London's NHS structures and systems are complex, with 31 primary care NHS trusts and 10 NHS Mental Health Care Trusts. These work with 31 boroughs in Greater London. A recent report by the GLA described London's mental health services as a "maze" and difficult to navigate for service users. The shortage of affordable housing and high rates of homelessness in London put pressure on mental health services which seriously delays discharge.

There are a number of features about the population of London that make the mental health needs of its population very different to the rest of England. Among the most important differences are •A very high refugee population. Around a quarter of a million refugees live in London accounting for between three to four per cent of the population. In Inner London boroughs this figure rises to six to eight per cent. Refugees are likely to be over-represented among users of mental health services. Ealing, which is estimated to have a refugee population of between 3.9–4.5 per cent, reported that the percentage of service users that are refugees is between six to ten per cent. Hillingdon, which is estimated to have a refugee population of 1.7 per cent, reported that refugees account for three to five per cent of service users.

•A large black and minority ethnic community. The 2001 census estimates that 29 per cent of the population is from an ethnic minority. Minority communities face barriers in accessing mental health services either for language reasons or for cultural reasons. They also have a significantly different profile in terms of admissions to hospital.

•The population of London is much younger than the population of the rest of the UK with almost two thirds of the population aged under 45 and a quarter aged under 30. This is reflected in the make-up of London’s patient population. The age profile of in-patients in London mental health wards has more patients in the 15–44 age group and fewer in the over 75s. The mental health problems of younger people differ from those of older people with higher levels of psychotic disorders.

•London has many of the most deprived parts of the UK. Of the fifteen most deprived constituencies in England, 11 are in London.

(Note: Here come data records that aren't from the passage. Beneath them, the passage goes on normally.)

lemma cone_family_hom:
  assumes "F \<subseteq> Obj I" and "\<And>k r. k \<in> F \<Longrightarrow> r < n \<Longrightarrow> \<beta> k r \<in> cat_hom I (pow_level k r) c"
  shows "cone_family F \<beta> \<in> hom (pgrp G c) (families F)"
  unfolding cone_family_def using assms
  by (intro hom_into_families hom_compose[OF pro_group_pmap_hom[OF pro_group] pow_map_hom,
        unfolded comp_def]) auto

text \<open>The identities a cone must satisfy, stated for arrows \<open>\<alpha> s\<close> from the levels \<open>s\<close> to a common
  level at which they need not hold yet.\<close>

definition cone_constraints :: "'i set \<times> 'm set \<Rightarrow> ('i \<Rightarrow> 'm) \<Rightarrow> (('a \<Rightarrow> 'a) \<times> ('a \<Rightarrow> 'a)) set" where
  "cone_constraints j \<alpha> =
     (\<lambda>(v, r). (\<lambda>y. pmap G v (pow_map (Cod I v) r (pmap G (\<alpha> (pow_level (Cod I v) r)) y)),
               \<lambda>y. pow_map (Dom I v) r (pmap G (\<alpha> (pow_level (Dom I v) r)) y)))
       ` (snd j \<times> {..<n}) \<union>
     (\<lambda>(k, r). (\<lambda>y. snd (\<phi> k) (pow_map (fst (\<phi> k)) r (pmap G (\<alpha> (pow_level k (Suc r))) y)),
               \<lambda>y. pow_map k (Suc r mod n) (pmap G (\<alpha> (pow_level k (Suc r mod n))) y)))
       ` {(k, r). k \<in> fst j \<and> fst (\<phi> k) \<in> fst j \<and> r < n}"

lemma finite_cone_constraints:
  assumes "j \<in> subdiagrams" shows "finite (cone_constraints j \<alpha>)"
proof -
  have "{(k, r). k \<in> fst j \<and> fst (\<phi> k) \<in> fst j \<and> r < n} \<subseteq> fst j \<times> {..<n}" by auto
  then have "finite {(k, r). k \<in> fst j \<and> fst (\<phi> k) \<in> fst j \<and> r < n}"
    using subdiagramsD(1)[OF assms] finite_subset by blast
  moreover have "finite (snd j \<times> {..<n})" using assms by (auto simp: subdiagrams_def)
  ultimately show ?thesis by (simp add: cone_constraints_def)
qed

lemma arrow_in_cone_constraints:
  "v \<in> snd j \<Longrightarrow> r < n \<Longrightarrow>
    (\<lambda>y. pmap G v (pow_map (Cod I v) r (pmap G (\<alpha> (pow_level (Cod I v) r)) y)),
     \<lambda>y. pow_map (Dom I v) r (pmap G (\<alpha> (pow_level (Dom I v) r)) y)) \<in> cone_constraints j \<alpha>"
  unfolding cone_constraints_def by (intro UnI1 image_eqI[of _ _ "(v, r)"]) auto

lemma rotation_in_cone_constraints:
  "k \<in> fst j \<Longrightarrow> fst (\<phi> k) \<in> fst j \<Longrightarrow> r < n \<Longrightarrow>
    (\<lambda>y. snd (\<phi> k) (pow_map (fst (\<phi> k)) r (pmap G (\<alpha> (pow_level k (Suc r))) y)),
     \<lambda>y. pow_map k (Suc r mod n) (pmap G (\<alpha> (pow_level k (Suc r mod n))) y)) \<in> cone_constraints j \<alpha>"
  unfolding cone_constraints_def by (intro UnI2 image_eqI[of _ _ "(k, r)"]) auto

lemma germ_eq_cone_constraints:
  assumes j: "j \<in> subdiagrams"
    and \<alpha>: "\<And>k r. k \<in> fst j \<Longrightarrow> r < n \<Longrightarrow> \<alpha> (pow_level k r) \<in> cat_hom I (pow_level k r) c"
    and fg: "(f, g) \<in> cone_constraints j \<alpha>"
  shows "germ_eq G (c, f) (c, g)"
  using fg unfolding cone_constraints_def
proof (elim UnE imageE; clarsimp)
  fix v r assume v: "v \<in> snd j" and r: "r < n"
  note vv = subdiagramsD(3)[OF j v]
  show "germ_eq G (c, \<lambda>y. pmap G v (pow_map (Cod I v) r (pmap G (\<alpha> (pow_level (Cod I v) r)) y)))
                  (c, \<lambda>y. pow_map (Dom I v) r (pmap G (\<alpha> (pow_level (Dom I v) r)) y))"
    using germ_eq_transitions[OF pro_group pow_germ_natural \<alpha> \<alpha>] vv r by blast
next
  fix k r assume k: "k \<in> fst j" and \<phi>k: "fst (\<phi> k) \<in> fst j" and r: "r < n"
  have p: "\<alpha> (pow_level k (Suc r)) \<in> cat_hom I (pow_level k (Suc r)) c"
    using \<alpha>[OF \<phi>k r] by (simp add: pow_level_Suc)
  have q: "\<alpha> (pow_level k (Suc r mod n)) \<in> cat_hom I (pow_level k (Suc r mod n)) c"
    using \<alpha>[OF k] n_pos by simp
  have "germ_eq G (c, \<lambda>y. pow_map k (Suc r) (pmap G (\<alpha> (pow_level k (Suc r))) y))
                  (c, \<lambda>y. pow_map k (Suc r mod n) (pmap G (\<alpha> (pow_level k (Suc r mod n))) y))"
    using germ_eq_transitions[OF pro_group pow_germ_wrap[OF _ r] p q] subdiagramsD(2)[OF j] k by blast
  then show "germ_eq G (c, \<lambda>y. snd (\<phi> k) (pow_map (fst (\<phi> k)) r (pmap G (\<alpha> (pow_level k (Suc r))) y)))
                  (c, \<lambda>y. pow_map k (Suc r mod n) (pmap G (\<alpha> (pow_level k (Suc r mod n))) y))"
    by (simp add: pow_map_Suc)
qed

lemma level_cone_if_constraints:
  assumes j: "j \<in> subdiagrams" and w: "w \<in> cat_hom I c0 c"
    and \<alpha>: "\<And>k r. k \<in> fst j \<Longrightarrow> r < n \<Longrightarrow> \<alpha> (pow_level k r) \<in> cat_hom I (pow_level k r) c0"
    and eq: "\<And>f g y. (f, g) \<in> cone_constraints j \<alpha> \<Longrightarrow> y \<in> carrier (pgrp G c) \<Longrightarrow>
               f (pmap G w y) = g (pmap G w y)"
  shows "level_cone j c (\<lambda>k r. Comp I w (\<alpha> (pow_level k r)))"
proof -
  define \<beta> where "\<beta> = (\<lambda>k r. Comp I w (\<alpha> (pow_level k r)))"
  have \<beta>: "\<beta> k r \<in> cat_hom I (pow_level k r) c" if "k \<in> fst j" "r < n" for k r
    unfolding \<beta>_def using category_comp_in_hom[OF category \<alpha>[OF that] w] .
  have pmap_\<beta>: "pmap G (\<beta> k r) y = pmap G (\<alpha> (pow_level k r)) (pmap G w y)"
    if "k \<in> fst j" "r < n" "y \<in> carrier (pgrp G c)" for k r y
    unfolding \<beta>_def using pro_group_pmap_comp[OF pro_group \<alpha>[OF that(1,2)] w that(3)] .
  have "cone_family (fst j) \<beta> y \<in> compatible_families j" if y: "y \<in> carrier (pgrp G c)" for y
  proof -
    have "cone_family (fst j) \<beta> y \<in> carrier (families (fst j))"
      using hom_in_carrier[OF cone_family_hom[OF subdiagramsD(2)[OF j] \<beta>] y] .
    moreover have "pmap G v (cone_family (fst j) \<beta> y (Cod I v) r) = cone_family (fst j) \<beta> y (Dom I v) r"
      if "v \<in> snd j" "r < n" for v r
      using that subdiagramsD(3)[OF j that(1)] eq[OF arrow_in_cone_constraints[OF that] y] y
      by (simp add: cone_family_def pmap_\<beta>)
    moreover have "snd (\<phi> k) (cone_family (fst j) \<beta> y (fst (\<phi> k)) r) = cone_family (fst j) \<beta> y k (Suc r mod n)"
      if "k \<in> fst j" "fst (\<phi> k) \<in> fst j" "r < n" for k r
      using that n_pos eq[OF rotation_in_cone_constraints[OF that] y] y
      by (simp add: cone_family_def pmap_\<beta> pow_level_Suc)
    ultimately show ?thesis by (simp add: compatible_families_def)
  qed
  then have "level_cone j c \<beta>"
    using \<beta> category_hom_objs(2)[OF category w] by (simp add: level_cone_def)
  then show ?thesis by (simp add: \<beta>_def)
qed

lemma level_cone_exists:
  assumes j: "j \<in> subdiagrams"
  shows "\<exists>c \<beta>. level_cone j c \<beta>"
proof -
  let ?levels = "(\<lambda>(k, r). pow_level k r) ` (fst j \<times> {..<n})"
  have "finite ?levels" "?levels \<subseteq> Obj I"
    using subdiagramsD(1,2)[OF j] pow_level_obj by auto
  then obtain c0 \<alpha> where c0: "c0 \<in> Obj I" and \<alpha>: "\<And>s. s \<in> ?levels \<Longrightarrow> \<alpha> s \<in> cat_hom I s c0"
    using pro_group_finite_cocone[OF pro_group] by metis
  have \<alpha>': "\<alpha> (pow_level k r) \<in> cat_hom I (pow_level k r) c0" if "k \<in> fst j" "r < n" for k r
    using \<alpha> that by auto
  obtain c w where w: "w \<in> cat_hom I c0 c"
    "\<forall>(f, g)\<in>cone_constraints j \<alpha>. \<forall>y\<in>carrier (pgrp G c). f (pmap G w y) = g (pmap G w y)"
    using germ_eq_same_level_finite[OF pro_group finite_cone_constraints[OF j] c0
        germ_eq_cone_constraints[OF j \<alpha>']] by blast
  have "level_cone j c (\<lambda>k r. Comp I w (\<alpha> (pow_level k r)))"
    using w(2) by (intro level_cone_if_constraints[OF j w(1) \<alpha>']) auto
  then show ?thesis by blast
qed
lemma quad_form_attains_max_ratio:
  assumes "k > 0"
  obtains f :: "nat \<Rightarrow> real" where "(\<Sum>i<k. (f i)\<^sup>2) = 1"
    and "\<And>g. quad_form S k g \<le> quad_form S k f * (\<Sum>i<k. (g i)\<^sup>2)"
proof -
  \<comment> \<open>the coordinates beyond \<open>k\<close> are confined to \<open>[-1, 1]\<close> only to make \<open>K\<close> compact\<close>
  define K where "K = PiE UNIV (\<lambda>_. {-1..1::real}) \<inter> {f. (\<Sum>i<k. (f i)\<^sup>2) = 1}"
  have "(\<Sum>i<k. (if i = 0 then 1 else 0 :: real)\<^sup>2) = (\<Sum>i<k. if i = 0 then 1 else 0)"
    by (rule sum.cong) auto
  then have "(\<lambda>i. if i = 0 then 1 else 0) \<in> K"
    using \<open>k > 0\<close> unfolding K_def by (auto simp: PiE_def extensional_def)
  then have "K \<noteq> {}"
    by blast
  moreover have "compact K"
    unfolding K_def by (rule compact_unit_sphere_in_cube)
  ultimately obtain f where "f \<in> K" and f_max: "\<And>h. h \<in> K \<Longrightarrow> quad_form S k h \<le> quad_form S k f"
    using continuous_attains_sup[of K "quad_form S k"] continuous_on_quad_form by blast
  show ?thesis
  proof (rule that)
    show "(\<Sum>i<k. (f i)\<^sup>2) = 1"
      using \<open>f \<in> K\<close> unfolding K_def by auto
    show "quad_form S k g \<le> quad_form S k f * (\<Sum>i<k. (g i)\<^sup>2)" for g
      by (rule quad_form_le_of_unit_bound, rule f_max) (auto simp: K_def PiE_iff)
  qed
qed

lemma nonpos_of_linear_le_quadratic:
  fixes Y c :: real
  assumes le: "\<And>t. 2 * t * Y \<le> t\<^sup>2 * c" and "c \<ge> 0"
  shows "Y \<le> 0"
proof (rule ccontr)
  assume "\<not> Y \<le> 0"
  define t where "t = Y / (c + 1)"
  have "t > 0"
    using \<open>\<not> Y \<le> 0\<close> \<open>c \<ge> 0\<close> by (simp add: t_def)
  then have "2 * Y \<le> t * c"
    using le[of t] by (simp add: power2_eq_square)
  also have "t * c < Y"
    using \<open>\<not> Y \<le> 0\<close> \<open>c \<ge> 0\<close> unfolding t_def by (simp add: field_simps)
  finally show False
    using \<open>\<not> Y \<le> 0\<close> by simp
qed

lemma quad_form_max_ratio_imp_eigen:
  assumes sym: "\<And>i j. i < k \<Longrightarrow> j < k \<Longrightarrow> S $$ (i, j) = S $$ (j, i)"
    and bound: "\<And>g. quad_form S k g \<le> \<mu> * (\<Sum>i<k. (g i)\<^sup>2)"
    and attained: "quad_form S k f = \<mu> * (\<Sum>i<k. (f i)\<^sup>2)"
    and "i < k"
  shows "(\<Sum>j<k. S $$ (i, j) * f j) = \<mu> * f i"
proof -
  define y where "y i = (\<Sum>j<k. S $$ (i, j) * f j) - \<mu> * f i" for i
  define Y where "Y = (\<Sum>i<k. (y i)\<^sup>2)"
  define c where "c = \<mu> * Y - quad_form S k y"
  have "c \<ge> 0"
    using bound[of y] unfolding c_def Y_def by simp
  \<comment> \<open>perturbing \<open>f\<close> along the residual \<open>y\<close> must not increase the ratio\<close>
  have variation: "2 * t * Y \<le> t\<^sup>2 * c" for t
  proof -
    define P where "P = (\<Sum>i<k. y i * f i)"
    have row: "(\<Sum>j<k. S $$ (i, j) * f j) = y i + \<mu> * f i" for i
      by (simp add: y_def)
    have "(\<Sum>i<k. \<Sum>j<k. y i * S $$ (i, j) * f j) = (\<Sum>i<k. y i * (y i + \<mu> * f i))"
      by (intro sum.cong refl) (simp add: mult.assoc row flip: sum_distrib_left)
    also have "\<dots> = Y + \<mu> * P"
      unfolding Y_def P_def by (simp add: power2_eq_square sum.distrib sum_distrib_left algebra_simps)
    finally have cross: "(\<Sum>i<k. \<Sum>j<k. y i * S $$ (i, j) * f j) = Y + \<mu> * P" .
    have squares: "(\<Sum>i<k. (f i + t * y i)\<^sup>2) = (\<Sum>i<k. (f i)\<^sup>2) + 2 * t * P + t\<^sup>2 * Y"
      unfolding Y_def P_def by (simp add: power2_eq_square sum.distrib sum_distrib_left algebra_simps)
    have expand: "quad_form S k (\<lambda>i. f i + t * y i)
        = quad_form S k f + 2 * t * (\<Sum>i<k. \<Sum>j<k. y i * S $$ (i, j) * f j) + t\<^sup>2 * quad_form S k y"
      by (rule quad_form_add) (simp add: sym)
    have "quad_form S k (\<lambda>i. f i + t * y i) \<le> \<mu> * (\<Sum>i<k. (f i + t * y i)\<^sup>2)"
      by (rule bound)
    then have "\<mu> * (\<Sum>i<k. (f i)\<^sup>2) + 2 * t * (Y + \<mu> * P) + t\<^sup>2 * quad_form S k y
        \<le> \<mu> * ((\<Sum>i<k. (f i)\<^sup>2) + 2 * t * P + t\<^sup>2 * Y)"
      unfolding expand cross squares attained .
    then show ?thesis
      unfolding c_def by (simp add: algebra_simps)
  qed
  have "Y \<le> 0"
    using variation \<open>c \<ge> 0\<close> by (rule nonpos_of_linear_le_quadratic)
  then have "Y = 0"
    unfolding Y_def by (simp add: antisym sum_nonneg)
  then have "y i = 0"
    using \<open>i < k\<close> unfolding Y_def by (simp add: sum_nonneg_eq_0_iff)
  then show ?thesis
    unfolding y_def by simp
qed

lemma symmetric_mat_max_rayleigh_eigenvalue:
  fixes S :: "real mat"
  assumes S: "S \<in> carrier_mat k k" and "S\<^sup>T = S" and "k > 0"
  obtains \<mu> where "eigenvalue S \<mu>" and "\<And>x. x \<in> carrier_vec k \<Longrightarrow> x \<bullet> (S *\<^sub>v x) \<le> \<mu> * (x \<bullet> x)"
proof -
  have sym: "S $$ (i, j) = S $$ (j, i)" if "i < k" "j < k" for i j
    using \<open>S\<^sup>T = S\<close> S that by (metis carrier_matD index_transpose_mat(1))
  obtain f where f_unit: "(\<Sum>i<k. (f i)\<^sup>2) = 1"
    and f_max: "\<And>g. quad_form S k g \<le> quad_form S k f * (\<Sum>i<k. (g i)\<^sup>2)"
    using quad_form_attains_max_ratio[OF \<open>k > 0\<close>] by blast
  define \<mu> where "\<mu> = quad_form S k f"
  define u where "u = vec k f"
  have u: "u \<in> carrier_vec k"
    unfolding u_def by simp
  have "u \<noteq> 0\<^sub>v k"
  proof
    assume "u = 0\<^sub>v k"
    then have "f i = 0" if "i < k" for i
      using that unfolding u_def by (metis index_vec index_zero_vec(1))
    then show False
      using f_unit by simp
  qed
  moreover have "S *\<^sub>v u = \<mu> \<cdot>\<^sub>v u"
  proof (rule eq_vecI)
    fix i
    assume "i < dim_vec (\<mu> \<cdot>\<^sub>v u)"
    then have "i < k"
      using u by simp
    have "(S *\<^sub>v u) $ i = (\<Sum>j<k. S $$ (i, j) * f j)"
      using S \<open>i < k\<close> unfolding u_def mult_mat_vec_def scalar_prod_def row_def
      by (auto simp: atLeast0LessThan intro!: sum.cong)
    also have "\<dots> = \<mu> * f i"
      using f_max f_unit \<open>i < k\<close> unfolding \<mu>_def
      by (intro quad_form_max_ratio_imp_eigen[OF sym]) (auto simp: mult.commute)
    finally show "(S *\<^sub>v u) $ i = (\<mu> \<cdot>\<^sub>v u) $ i"
      using \<open>i < k\<close> unfolding u_def by simp
  qed (use S u in auto)
  ultimately have "eigenvalue S \<mu>"
    unfolding eigenvalue_def eigenvector_def using S u by auto
  moreover have "x \<bullet> (S *\<^sub>v x) \<le> \<mu> * (x \<bullet> x)" if "x \<in> carrier_vec k" for x
    using f_max[of "($) x"] that unfolding \<mu>_def
    by (simp add: scalar_prod_mult_mat_vec_eq_quad_form[OF S] scalar_prod_self_eq_sum_squares)
  ultimately show ?thesis
    using that by blast
qed

lemma lambda_max_symmetric:
  fixes S :: "real mat"
  assumes S: "S \<in> carrier_mat k k" and "S\<^sup>T = S" and "k > 0"
  shows "eigenvalue S (lambda_max S)"
    and "\<And>x. x \<in> carrier_vec k \<Longrightarrow> x \<bullet> (S *\<^sub>v x) \<le> lambda_max S * (x \<bullet> x)"
proof -
  obtain \<mu> where ev: "eigenvalue S \<mu>"
    and bound: "\<And>x. x \<in> carrier_vec k \<Longrightarrow> x \<bullet> (S *\<^sub>v x) \<le> \<mu> * (x \<bullet> x)"
    using symmetric_mat_max_rayleigh_eigenvalue[OF assms] by blast
  have "char_poly S \<noteq> 0"
    using degree_monic_char_poly[OF S] by auto
  then have "finite {e. eigenvalue S e}"
    using poly_roots_finite eigenvalue_root_char_poly[OF S] by simp
  moreover have "e \<le> \<mu>" if ev_e: "eigenvalue S e" for e
  proof -
    obtain v where v: "v \<in> carrier_vec k" "v \<noteq> 0\<^sub>v k" "S *\<^sub>v v = e \<cdot>\<^sub>v v"
      using ev_e S unfolding eigenvalue_def eigenvector_def by auto
    then have "e * (v \<bullet> v) \<le> \<mu> * (v \<bullet> v)"
      using bound[of v] by simp
    then show ?thesis
      using scalar_prod_self_pos[OF v(1,2)] by simp
  qed
  ultimately have "lambda_max S = \<mu>"
    unfolding lambda_max_def using ev by (intro Max_eqI) auto
  then show "eigenvalue S (lambda_max S)"
    and "\<And>x. x \<in> carrier_vec k \<Longrightarrow> x \<bullet> (S *\<^sub>v x) \<le> lambda_max S * (x \<bullet> x)"
    using ev bound by auto
qed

The pattern of admissions among London in-patients from more deprived areas shows a greater proportion being admitted for psychotic conditions and disorders due to drugs and alcohol. The reverse is true for the proportion of admissions for dementia, learning disability, and affective disorders, which decreases in areas with greater deprivation.

These differences in admissions affect the overall make up of London’s mental health services users. The patient mix is noticeably different from the rest of England with higher proportions of admissions for psychotic illness (23 per cent of inpatient admissions in London compared to 14 per cent elsewhere). Table 1 Percentage of inpatients by diagnosis group Diagnosis group London Rest Dementia 8% 12% Disorders due to other psychoactive substance 5% 4% Disorders due to use of alcohol 17% 16% Mental retardation [learning disability] 7% 10% Mood [affective] disorders 23% 23% Neurotic, stress-related, and somatoform 5% 8% disorders Other mental and behavioural disorders 12% 13% Schizophrenia, schizotypal, and delusional 23% 14% disorders 100% 100%

 

In addition there are a number of other factors that affect demand on mental health services in London including very high levels of homelessness and greater numbers of single households than the rest of England. Both are associated with higher levels of mental illness. In addition, both homeless people and those living alone require higher levels of support.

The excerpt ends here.